Computational studies were performed to evaluate the performance of two wind turbine blades. The first study consisted of a computational flow simulation conducted to predict underperformance of a stall regulated wind turbine rotor. A hypothesis was proposed explaining the causes for the underperformance of an 8kW stall regulated wind turbine machine. The two main causes affecting the performance were due to poor manufacturing techniques as well as the aerodynamic design of the airfoil. 2-D Computational Fluid Dynamics (CFD) studies confirmed the causes of the underperformance for these blades and a good comparison with field data was obtained. The second study consisted of the performance prediction of a 56m wind turbine blade using CFD flow solving techniques and its comparison to that predicted by Blade Element Momentum theory.
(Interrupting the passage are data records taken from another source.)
(* Let $G$ be a connected nilpotent Lie group and $V$ a finite-dimensional real $G$-module of unipotent type. Then for every $v\in V$, the orbit $Gv$ is dense in its affine hull (the smallest affine subspace of $V$ containing $Gv$) with respect to the Bohr topology of $V$.
   Context: A finite-dimensional $G$-module $V$ is of unipotent type if the Lie algebra $\mathfrak g$ of $G$ acts on $V$ by nilpotent operators. For the additive group of $V$ (a locally compact abelian group) with Pontryagin dual $V^*$, the Bohr compactification $bV$ is the dual of $V^*$ with the discrete topology, and $V$ embeds densely in $bV$ by identifying $V$ with its double dual. The Bohr topology of $V$ is the relative topology of $V$ as a subset of $bV$ (equivalently, the coarsest topology making all continuous characters of $V$ continuous). *)

theory Defs
  imports "HOL-Analysis.Analysis"
begin

definition continuous_characters :: "('v::euclidean_space \<Rightarrow> complex) set" where
  "continuous_characters = {ch. continuous_on UNIV ch \<and> (\<forall>x. norm (ch x) = 1)
      \<and> (\<forall>x y. ch (x + y) = ch x * ch y)}"

definition bohr_topology :: "'v::euclidean_space topology" where
  "bohr_topology = topology_generated_by
     {ch -` U | ch U. ch \<in> continuous_characters \<and> open U}"

definition lie_bracket :: "('v::real_vector \<Rightarrow> 'v) \<Rightarrow> ('v \<Rightarrow> 'v) \<Rightarrow> ('v \<Rightarrow> 'v)" where
  "lie_bracket X Y = (\<lambda>v. X (Y v) - Y (X v))"

definition lie_subalgebra :: "('v::real_vector \<Rightarrow> 'v) set \<Rightarrow> bool" where
  "lie_subalgebra L \<longleftrightarrow> (\<forall>X\<in>L. linear X) \<and> (\<lambda>_. 0) \<in> L
     \<and> (\<forall>X\<in>L. \<forall>Y\<in>L. (\<lambda>v. X v + Y v) \<in> L)
     \<and> (\<forall>c::real. \<forall>X\<in>L. (\<lambda>v. c *\<^sub>R X v) \<in> L)
     \<and> (\<forall>X\<in>L. \<forall>Y\<in>L. lie_bracket X Y \<in> L)"

definition nilpotent_lie_algebra :: "('v::real_vector \<Rightarrow> 'v) set \<Rightarrow> bool" where
  "nilpotent_lie_algebra L \<longleftrightarrow> (\<exists>k. \<forall>xs Y. length xs = k \<and> set xs \<subseteq> L \<and> Y \<in> L
       \<longrightarrow> foldr lie_bracket xs Y = (\<lambda>_. 0))"

definition nilpotent_op :: "('v::real_vector \<Rightarrow> 'v) \<Rightarrow> bool" where
  "nilpotent_op X \<longleftrightarrow> (\<exists>k. (X ^^ k) = (\<lambda>_. 0))"

definition op_exp :: "('v::euclidean_space \<Rightarrow> 'v) \<Rightarrow> ('v \<Rightarrow> 'v)" where
  "op_exp X = (\<lambda>v. (\<Sum>k. (1 / fact k) *\<^sub>R (X ^^ k) v))"

text \<open>The connected Lie subgroup of GL(V) with Lie algebra L: generated by exp(L).\<close>
inductive_set lie_group_of :: "('v::euclidean_space \<Rightarrow> 'v) set \<Rightarrow> ('v \<Rightarrow> 'v) set"
  for L where
  id_in: "id \<in> lie_group_of L"
| exp_in: "X \<in> L \<Longrightarrow> op_exp X \<in> lie_group_of L"
| comp_in: "g \<in> lie_group_of L \<Longrightarrow> h \<in> lie_group_of L \<Longrightarrow> g \<circ> h \<in> lie_group_of L"
| inv_in: "g \<in> lie_group_of L \<Longrightarrow> inv g \<in> lie_group_of L"

end

theory Submission
  imports Defs "HOL-Computational_Algebra.Polynomial"
begin

(* Every finite subset of the orbit G v lies on a single curve t \<mapsto> g(t) v, where
   g(t) = exp(p_1(t) X_1) \<circ> ... \<circ> exp(p_m(t) X_m) with X_i \<in> L and real polynomials p_i:
   a new orbit point h v is added at a fresh time \<tau>0 by appending a path to g(\<tau>0)^-1 h,
   reparametrised by a polynomial vanishing at the old times and equal to 1 at \<tau>0.
   As the X_i are nilpotent, g(t) v is a polynomial curve a_0 + t a_1 + ... + t^D a_D.
   Such a curve is Bohr dense in its affine hull a_0 + span {a_1, ..., a_D}, by induction on D:
   for finitely many characters, every point r a_D is close to some \<sigma> a_D with \<sigma> in a fixed
   interval [0, H] (compactness of the torus), and for large t the time change
   t \<mapsto> t + \<sigma> / (D t^(D-1)) moves the curve by approximately \<sigma> a_D, which cancels
   the offset created by the top coefficient. *)

definition char_close :: "('v \<Rightarrow> complex) set \<Rightarrow> real \<Rightarrow> 'v \<Rightarrow> 'v \<Rightarrow> bool" where
  "char_close F e x y \<longleftrightarrow> (\<forall>ch\<in>F. norm (ch x - ch y) < e)"

lemma continuous_charactersD:
  assumes "ch \<in> continuous_characters"
  shows "continuous_on UNIV ch" "norm (ch x) = 1" "ch (x + y) = ch x * ch y"
  using assms unfolding continuous_characters_def by auto

lemma continuous_character_dist:
  fixes x y :: "'v::euclidean_space"
  assumes "ch \<in> continuous_characters"
  shows "norm (ch x - ch y) = norm (ch (x - y) - 1)"
proof -
  have "ch x - ch y = (ch (x - y) - 1) * ch y"
    using continuous_charactersD(3)[OF assms, of "x - y" y] by (simp add: algebra_simps)
  then show ?thesis
    using continuous_charactersD(2)[OF assms, of y] by (simp add: norm_mult)
qed

lemma char_close_diff:
  fixes x y :: "'v::euclidean_space"
  assumes "F \<subseteq> continuous_characters"
  shows "char_close F e x y \<longleftrightarrow> char_close F e (x - y) 0"
  using assms unfolding char_close_def
  by (auto simp: continuous_character_dist[of _ x y] continuous_character_dist[of _ "x - y" 0] subset_iff)

lemma char_close_translate:
  fixes x y :: "'v::euclidean_space"
  assumes "F \<subseteq> continuous_characters"
  shows "char_close F e (x + w) (y + w) \<longleftrightarrow> char_close F e x y"
  using char_close_diff[OF assms, of e "x + w" "y + w"] char_close_diff[OF assms, of e x y] by simp

lemma char_close_refl: "e > 0 \<Longrightarrow> char_close F e x x"
  unfolding char_close_def by simp

lemma char_close_trans:
  assumes "char_close F e1 x y" "char_close F e2 y z"
  shows "char_close F (e1 + e2) x z"
  unfolding char_close_def
proof
  fix ch assume "ch \<in> F"
  then have "norm (ch x - ch y) < e1" "norm (ch y - ch z) < e2"
    using assms unfolding char_close_def by auto
  then show "norm (ch x - ch z) < e1 + e2"
    using norm_triangle_ineq[of "ch x - ch y" "ch y - ch z"] by simp
qed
A full scale 3-D computational simulation based on Reynolds-Averaged Navier Stokes equations was carried out and the results for energy capture and other flow features obtained were compared to those predicted by BEM. The power estimation obtained from CFD was over predicted by 2.7% as compared to BEM. Spanwise vortex structures were observed which were deemed to be the primary cause for a shift in inflow angles along the span of the blade. Also, several 3-D flow field characteristics were identified and analysed which resulted from the 3-D simulation of the 56m wind turbine blade.